AMR Campylobacter Retail Chicken Survey
The FSA has carried out several microbiological surveys of Campylobacter contamination in fresh
whole UK-produced chilled chickens at retail sale. As part of this survey, a subset of the
Campylobacter isolates collected has been tested for their resistance to a range of antibiotic
agents.
A first overall survey tested 4,011 samples of whole, UK-produced fresh chicken during the period
February 2014 to March 2015 (Year 1). The samples were evenly distributed throughout the year
and the UK (in proportion to population size of each country), and testing was performed by six
laboratory sites. Retailers were sampled in proportion to their market share, according to available
data, with their share of free range, organic and standards chickens taken into account.

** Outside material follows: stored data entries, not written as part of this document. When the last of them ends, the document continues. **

(* Let $\eta_1,\dots,\eta_n$ be admissible measures on $\mathbb R$. For each $i$ let $M_i(dx):=\cosh(x)\,\eta_i(dx)$, let $X_i\sim M_i$ be independent, and $U_i:=\tanh(X_i)\in[-1,1]$. Define $\Psi(y_1,\dots,y_n):=\frac12\big(\prod_{i=1}^n(1+y_i)-\prod_{i=1}^n(1-y_i)\big)$. Then each $M_i$ is a probability measure, $\mathbb E U_i=0$ for every $i$, and \[ T(\eta_1*\cdots*\eta_n)=\mathbb E|\Psi(U_1,\dots,U_n)|. \] Moreover, if $\bar\eta:=\frac1n\sum_i\eta_i$, $\bar M(dx):=\cosh(x)\bar\eta(dx)=\frac1n\sum_iM_i(dx)$, $\bar X\sim\bar M$, $\bar U:=\tanh(\bar X)$, and $\bar U_1,\dots,\bar U_n$ are i.i.d. copies of $\bar U$, then $T(\bar\eta^{*n})=\mathbb E|\Psi(\bar U_1,\dots,\bar U_n)|$, and the law of $\bar U$ is the arithmetic average of the laws of $U_1,\dots,U_n$.
   Context: A finitely supported positive measure $\eta$ on $\mathbb R$ is called admissible if $\int e^x\,\eta(dx)=\int e^{-x}\,\eta(dx)=1$. $T(\eta):=\frac12\int_{\mathbb R}|e^x-e^{-x}|\,\eta(dx)$. $*$ denotes convolution and $\eta^{*n}$ the $n$-fold self-convolution. *)

theory Defs
  imports "HOL-Probability.Probability"
begin

text \<open>A finitely supported positive measure on the reals is represented by its
  weight function \<open>\<eta> :: real \<Rightarrow> real\<close> (the mass of the point x), with finite support.\<close>

definition supp_m :: "(real \<Rightarrow> real) \<Rightarrow> real set" where
  "supp_m \<eta> = {x. \<eta> x \<noteq> 0}"

definition fin_pos_measure :: "(real \<Rightarrow> real) \<Rightarrow> bool" where
  "fin_pos_measure \<eta> \<longleftrightarrow> finite (supp_m \<eta>) \<and> (\<forall>x. 0 \<le> \<eta> x)"

definition admissible :: "(real \<Rightarrow> real) \<Rightarrow> bool" where
  "admissible \<eta> \<longleftrightarrow> fin_pos_measure \<eta>
     \<and> (\<Sum>x\<in>supp_m \<eta>. exp x * \<eta> x) = 1
     \<and> (\<Sum>x\<in>supp_m \<eta>. exp (- x) * \<eta> x) = 1"

definition T :: "(real \<Rightarrow> real) \<Rightarrow> real" where
  "T \<eta> = (1/2) * (\<Sum>x\<in>supp_m \<eta>. \<bar>exp x - exp (- x)\<bar> * \<eta> x)"

definition conv :: "(real \<Rightarrow> real) \<Rightarrow> (real \<Rightarrow> real) \<Rightarrow> real \<Rightarrow> real" where
  "conv \<eta> \<nu> z = (\<Sum>x\<in>supp_m \<eta>. \<eta> x * \<nu> (z - x))"
(* Let $k\geq 2$ be an integer and let $P$ be a finite poset of width $w$ that does not contain $\mathbf{k}+\mathbf{k}$ as an induced subposet. Then $P$ extends some interval order $Q$ of width at most $(2k-3)w$.
   Context: The width of a poset is the maximum size of an antichain. $\mathbf{k}+\mathbf{k}$ denotes the poset consisting of two disjoint chains $A,B$ with $|A|=|B|=k$ in which every element of $A$ is incomparable with every element of $B$; "$P$ does not contain $\mathbf{k}+\mathbf{k}$" means $P$ has no induced subposet isomorphic to it, i.e. there are no two disjoint chains of size $k$ in $P$ such that every element of one is incomparable to every element of the other. A poset $P$ extends a poset $Q$ if they have the same ground set and $u<v$ in $Q$ implies $u<v$ in $P$. A poset is an interval order if there is an assignment of closed real intervals $I(u)$ to its elements such that $u<v$ if and only if $I(u)=[a,b]$, $I(v)=[c,d]$ with $b<c$. *)

theory Defs
  imports Complex_Main
begin

definition strict_poset :: "'a set \<Rightarrow> ('a \<Rightarrow> 'a \<Rightarrow> bool) \<Rightarrow> bool" where
  "strict_poset X lt \<longleftrightarrow>
     (\<forall>x\<in>X. \<not> lt x x) \<and>
     (\<forall>x\<in>X. \<forall>y\<in>X. \<forall>z\<in>X. lt x y \<longrightarrow> lt y z \<longrightarrow> lt x z)"

definition comparable :: "('a \<Rightarrow> 'a \<Rightarrow> bool) \<Rightarrow> 'a \<Rightarrow> 'a \<Rightarrow> bool" where
  "comparable lt x y \<longleftrightarrow> x = y \<or> lt x y \<or> lt y x"

definition is_chain :: "('a \<Rightarrow> 'a \<Rightarrow> bool) \<Rightarrow> 'a set \<Rightarrow> bool" where
  "is_chain lt C \<longleftrightarrow> (\<forall>x\<in>C. \<forall>y\<in>C. comparable lt x y)"

definition is_antichain :: "('a \<Rightarrow> 'a \<Rightarrow> bool) \<Rightarrow> 'a set \<Rightarrow> bool" where
  "is_antichain lt A \<longleftrightarrow> (\<forall>x\<in>A. \<forall>y\<in>A. x \<noteq> y \<longrightarrow> \<not> comparable lt x y)"

definition width :: "'a set \<Rightarrow> ('a \<Rightarrow> 'a \<Rightarrow> bool) \<Rightarrow> nat" where
  "width X lt = Max (card ` {A. A \<subseteq> X \<and> is_antichain lt A})"
(* Let $\Pi$ be a $2$-dimensional toral sub-manifold confined to a rational plane, parametrised as $\Pi=\{u\xi+v\eta:(u,v)\in[0,A]\times[0,B]\}$ with $\xi,\eta$ as specified in the context. Then $$\mathcal{G}=\sum_{\substack{\lambda,\lambda'\in\Lambda_m\\ \lambda\neq\lambda'}}\left|\int_0^A\int_0^B e^{2\pi i\langle\lambda-\lambda',u\xi+v\eta\rangle}du\,dv\right|^2\ll_\Pi N\cdot\kappa(\sqrt m).$$
   Context: For a positive integer $m$ let $\Lambda_m=\{\lambda\in\mathbb{Z}^3:\|\lambda\|^2=m\}$ and $N=|\Lambda_m|$; $m$ ranges over integers with $m\not\equiv 0,4,7\pmod 8$ and bounds refer to $m\to\infty$. Let $\vec n=(n_1,n_2,n_3)$ be the unit normal to the plane containing $\Pi\subset\mathbb{R}^3/\mathbb{Z}^3$, with coordinates labelled so that $n_1\ne0$; the plane is rational if $n_2/n_1,n_3/n_1\in\mathbb{Q}$. Here $\xi=\frac{(n_2,-n_1,0)}{\sqrt{n_1^2+n_2^2}}$, $\eta=\frac{(n_1n_3,n_2n_3,-n_1^2-n_2^2)}{\sqrt{n_1^2+n_2^2}}$, and $A=\max\{u:u\xi+v\eta\in\Pi\}$, $B=\max\{v:u\xi+v\eta\in\Pi\}$. For $R>0$, $\kappa(R)$ is the maximal number of points of $\mathbb{Z}^3$ in the intersection of the sphere of radius $R$ centred at the origin with any plane. *)

theory Defs
  imports "HOL-Analysis.Analysis"
begin

type_synonym ipt = "int \<times> int \<times> int"
type_synonym rpt = "real \<times> real \<times> real"

definition rdot :: "rpt \<Rightarrow> rpt \<Rightarrow> real" where
  "rdot x y = fst x * fst y + fst (snd x) * fst (snd y) + snd (snd x) * snd (snd y)"

definition ivec :: "ipt \<Rightarrow> rpt" where
  "ivec l = (real_of_int (fst l), real_of_int (fst (snd l)), real_of_int (snd (snd l)))"

definition Lambda :: "nat \<Rightarrow> ipt set" where
  "Lambda m = {(x, y, z). x^2 + y^2 + z^2 = int m}"

definition NN :: "nat \<Rightarrow> nat" where
  "NN m = card (Lambda m)"

definition kappa :: "real \<Rightarrow> nat" where
  "kappa R = Sup {card {l :: ipt. rdot (ivec l) (ivec l) = R^2 \<and> rdot a (ivec l) = c}
                  | a c. a \<noteq> (0, 0, 0)}"

definition xi :: "real \<Rightarrow> real \<Rightarrow> real \<Rightarrow> rpt" where
  "xi n1 n2 n3 = (n2 / sqrt (n1^2 + n2^2), - n1 / sqrt (n1^2 + n2^2), 0)"

definition eta :: "real \<Rightarrow> real \<Rightarrow> real \<Rightarrow> rpt" where
  "eta n1 n2 n3 = (n1 * n3 / sqrt (n1^2 + n2^2), n2 * n3 / sqrt (n1^2 + n2^2),
                   - (n1^2 + n2^2) / sqrt (n1^2 + n2^2))"

definition piPt :: "real \<Rightarrow> real \<Rightarrow> real \<Rightarrow> real \<Rightarrow> real \<Rightarrow> rpt" where
  "piPt n1 n2 n3 u v =
     (let a = xi n1 n2 n3; b = eta n1 n2 n3 in
      (u * fst a + v * fst b, u * fst (snd a) + v * fst (snd b), u * snd (snd a) + v * snd (snd b)))"

definition Iint :: "real \<Rightarrow> real \<Rightarrow> real \<Rightarrow> real \<Rightarrow> real \<Rightarrow> ipt \<Rightarrow> complex" where
  "Iint n1 n2 n3 A B d =
     integral {0..A} (\<lambda>u. integral {0..B}
        (\<lambda>v. cis (2 * pi * rdot (ivec d) (piPt n1 n2 n3 u v))))"

definition GG :: "real \<Rightarrow> real \<Rightarrow> real \<Rightarrow> real \<Rightarrow> real \<Rightarrow> nat \<Rightarrow> real" where
  "GG n1 n2 n3 A B m =
     (\<Sum>p \<in> {(l, l'). l \<in> Lambda m \<and> l' \<in> Lambda m \<and> l \<noteq> l'}.
        (cmod (Iint n1 n2 n3 A B (fst p - snd p)))^2)"

end

theory Submission
  imports Defs
begin
(* Assume (H1), (H2) and (H3) from the context hold, and that $\partial_if_j(u)\ge0$ for $i\ne j$ and $u\in[0,k]$. Then $\mathcal{T}$ is monotone on $\mathcal{A}$: if $u,v\in\mathcal{A}$ with $u\le v$ on $\mathbb{R}$, then $\mathcal{T}[u]\le\mathcal{T}[v]$ on $\mathbb{R}$. Consequently $\mathcal{T}(\mathcal{A})\subseteq\mathcal{A}$. Furthermore, if $u\in\mathcal{A}$ and every component $u_i$ is nondecreasing on $\mathbb{R}$, then every $\mathcal{T}_i[u]$ is nondecreasing on $\mathbb{R}$.
   Context: Let $N\ge1$ and $D=\mathrm{diag}(d_1,\dots,d_N)$ with $d_i>0$. Vector inequalities are componentwise; $u\gg0$ means all components positive; $[0,r]=\{u:0\le u\le r\}$; $\mathcal{C}_r$ is the set of continuous $\mathbb{R}\to[0,r]$ maps. (H1) - $k^+\gg0$; $f:[0,k^+]\to\mathbb{R}^N$ is continuous and piecewise twice continuously differentiable; solutions of $u_t=Du_{xx}+f(u)$ with data in $\mathcal{C}_{k^+}$ exist globally in $\mathcal{C}_{k^+}$. - $0\ll k^-\le k\le k^+$; continuous piecewise $C^2$ maps $f^\pm:[0,k^\pm]\to\mathbb{R}^N$ satisfy $f^-\le f\le f^+$ on $[0,k^+]$. - $f(0)=f(k)=0$, $f^\pm(0)=f^\pm(k^\pm)=0$, with no other positive equilibria between $0$ and $k$, respectively $k^\pm$. - $f^\pm$ are cooperative on $[0,k^\pm]$ and share with $f$ the Jacobian $f'(0)$ at $0$. - In the cooperative case, $f^\pm=f$ and $k^\pm=k$. (H2) - $A_\lambda=(a^{ij}_\lambda)=\mathrm{diag}(d_i\lambda^2)+f'(0)$ is block lower triangular for $\lambda>0$, with irreducible or $1\times1$ zero diagonal blocks. - Its first block has positive principal eigenvalue $\Psi(A_\lambda)$ (where $\Psi(A)=\rho(A+\alpha I)-\alpha$), strictly larger than those of the other blocks. - An eigenvector $\nu_\lambda=(\nu^i_\lambda)\gg0$ for $\Psi(A_\lambda)$ exists and is continuous in $\lambda$. Speeds. $\Phi(\lambda)=\Psi(A_\lambda)/\lambda$ and $c^*=\inf_{\lambda>0}\Phi$. (H3) $f^\pm(\alpha\nu_\lambda)\le\alpha f'(0)\nu_\lambda$ for all $\alpha,\lambda>0$. Setup. Fix $c>c^*$, and let $\Lambda_c$ be the smallest positive solution of $\Phi(\lambda)=c$. The operator $\mathcal{T}$. $\beta>\max\{|\partial_if_j(u)|:u\in[0,k^+]\}$ is a fixed, sufficiently large constant. Set $\lambda_{1i}=\frac{-c+\sqrt{c^2+4\beta d_i}}{2d_i}$ and $\lambda_{2i}=\frac{c+\sqrt{c^2+4\beta d_i}}{2d_i}$, with $\lambda_{2i}>\lambda_{1i}>2\Lambda_c$. Let $H_i(u)=\beta u_i+f_i(u)$ and $$\mathcal{T}_i[u](\xi)=\frac{1}{d_i(\lambda_{1i}+\lambda_{2i})}\Big(\int_{-\infty}^{\xi}e^{-\lambda_{1i}(\xi-s)}H_i(u(s))ds+\int_{\xi}^{\infty}e^{\lambda_{2i}(\xi-s)}H_i(u(s))ds\Big).$$ Upper and lower solutions. Let $\phi^+_i(\xi)=\min\{k_i,\nu^i_{\Lambda_c}e^{\Lambda_c\xi}\}$ and $\phi^-_i(\xi)=\max\{0,\nu^i_{\Lambda_c}e^{\Lambda_c\xi}-q\nu^i_{\gamma\Lambda_c}e^{\gamma\Lambda_c\xi}\}$. Here $\gamma\in(1,2)$ satisfies $\Phi(\gamma\Lambda_c)<c$ and $\beta\nu^i_{\gamma\Lambda_c}-\nu^i_{\gamma\Lambda_c}d_i(\gamma\Lambda_c)^2+\sum_j\nu^j_{\gamma\Lambda_c}a^{ij}_{\gamma\Lambda_c}>0$ for all $i$. The constant $q>1$ is fixed so large that $\phi^-<\phi^+$ and $\mathcal{T}_i[\phi^-]\ge\phi^-_i$ on $\mathbb{R}$; and $\mathcal{T}_i[\phi^+]\le\phi^+_i$ on $\mathbb{R}$. The space $\mathcal{A}$. Fix $0<\varrho<\Lambda_c$. Let $\mathcal{E}_\varrho$ be the Banach space of continuous $u:\mathbb{R}\to\mathbb{R}^N$ with $\|u\|_\varrho=\sum_i\sup_\xi|u_i(\xi)|e^{-\varrho\xi}<\infty$, and $$\mathcal{A}=\{u\in\mathcal{E}_\varrho:\phi^-_i\le u_i\le\phi^+_i \text{ on }\mathbb{R}\text{ for all }i\}.$$ *)

theory Defs
  imports "HOL-Analysis.Analysis"
begin

text \<open>Vectors in R^N are modelled as real^'n, with N = CARD('n).
  The order on real^'n is componentwise; the box [0,r] is {0..r}.\<close>

definition pos_vec :: "real^'n \<Rightarrow> bool" where
  "pos_vec u \<longleftrightarrow> (\<forall>i. u $ i > 0)"

definition C2_on :: "(real^'n) set \<Rightarrow> (real^'n \<Rightarrow> real^'n) \<Rightarrow> bool" where
  "C2_on U g \<longleftrightarrow>
     (\<exists>(g1 :: (real^'n) \<Rightarrow> ((real^'n) \<Rightarrow>\<^sub>L (real^'n)))
        (g2 :: (real^'n) \<Rightarrow> ((real^'n) \<Rightarrow>\<^sub>L ((real^'n) \<Rightarrow>\<^sub>L (real^'n)))).
        (\<forall>x\<in>U. (g has_derivative blinfun_apply (g1 x)) (at x)) \<and>
        (\<forall>x\<in>U. (g1 has_derivative blinfun_apply (g2 x)) (at x)) \<and>
        continuous_on U g2)"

A subset (283) of the Campylobacter isolates was tested for antibiotic resistance. These were
selected as every tenth isolate (or next viable isolate) but selection was adjusted to ensure
adequate representation of producer premises and retailers. All recoverable organic and free range
chicken isolates were included. The objective of the AMR analysis was to establish the proportion
of C. jejuni and C. coli strains isolated from Year 1 of the retail chicken survey that were resistant
to a range of antibiotic agents relevant to public health.
To determine resistance, Iso-Sensitest Agar with the addition of 5% horse blood containing
specified breakpoint concentrations of antibiotics was used. An isolate suspension was made in
brain heart infusion broth to McFarland 0.5 turbidity and was inoculated onto the surface of each of
the antibiotic containing agars. An isolate was considered resistant if it grew on the agar and
scored susceptible if there was no growth, and the corresponding antibiotic free plate showed pure
growth from the suspension. AMR profiles were determined using the following antibiotics and
concentrations as described in 25:
Chloramphenicol 8 mg/L, 16 mg/L Ciprofloxacin 1 mg/L (CpL), 5 mg/L (CpH) Erythromycin 4 mg/L (EryL), 16 mg/L (EryH) Gentamicin 1 mg/L, 2 mg/l, 4 mg/L (GH) Kanamycin 16 mg/L (K) Nalidixic acid 16 mg/L (NalL), 32 mg/L (NalH) Neomycin 8 mg/L (Ne) Streptomycin 2 mg/L (SL), 4 mg/L (SH) Tetracycline 2 mg/L (TetL), 8 mg/L (TetII), 128 mg/L (TetH) Trimethoprim 2 mg/L
A second survey (Year 2) tested 2,998 samples of whole, UK-produced fresh chicken during the
period July 2015 to March 2016. A pilot study was also carried out from April 2016 to July 2016 to
assess a new sampling methodology. Approximately 416 chilled chickens were sampled and
tested during this pilot period. The samples for the main survey were evenly distributed throughout
the year and the UK, and retailers were sampled with their share of free-range, organic and
standard chickens taken into account.
A subset (548) of the Campylobacter isolates was tested for antibiotic resistance. These were
selected as every tenth isolate (or next viable isolate) but selection was adjusted to ensure
adequate representation of producer premises and retailers. All recoverable organic and a high
proportion of free range chicken isolates were included.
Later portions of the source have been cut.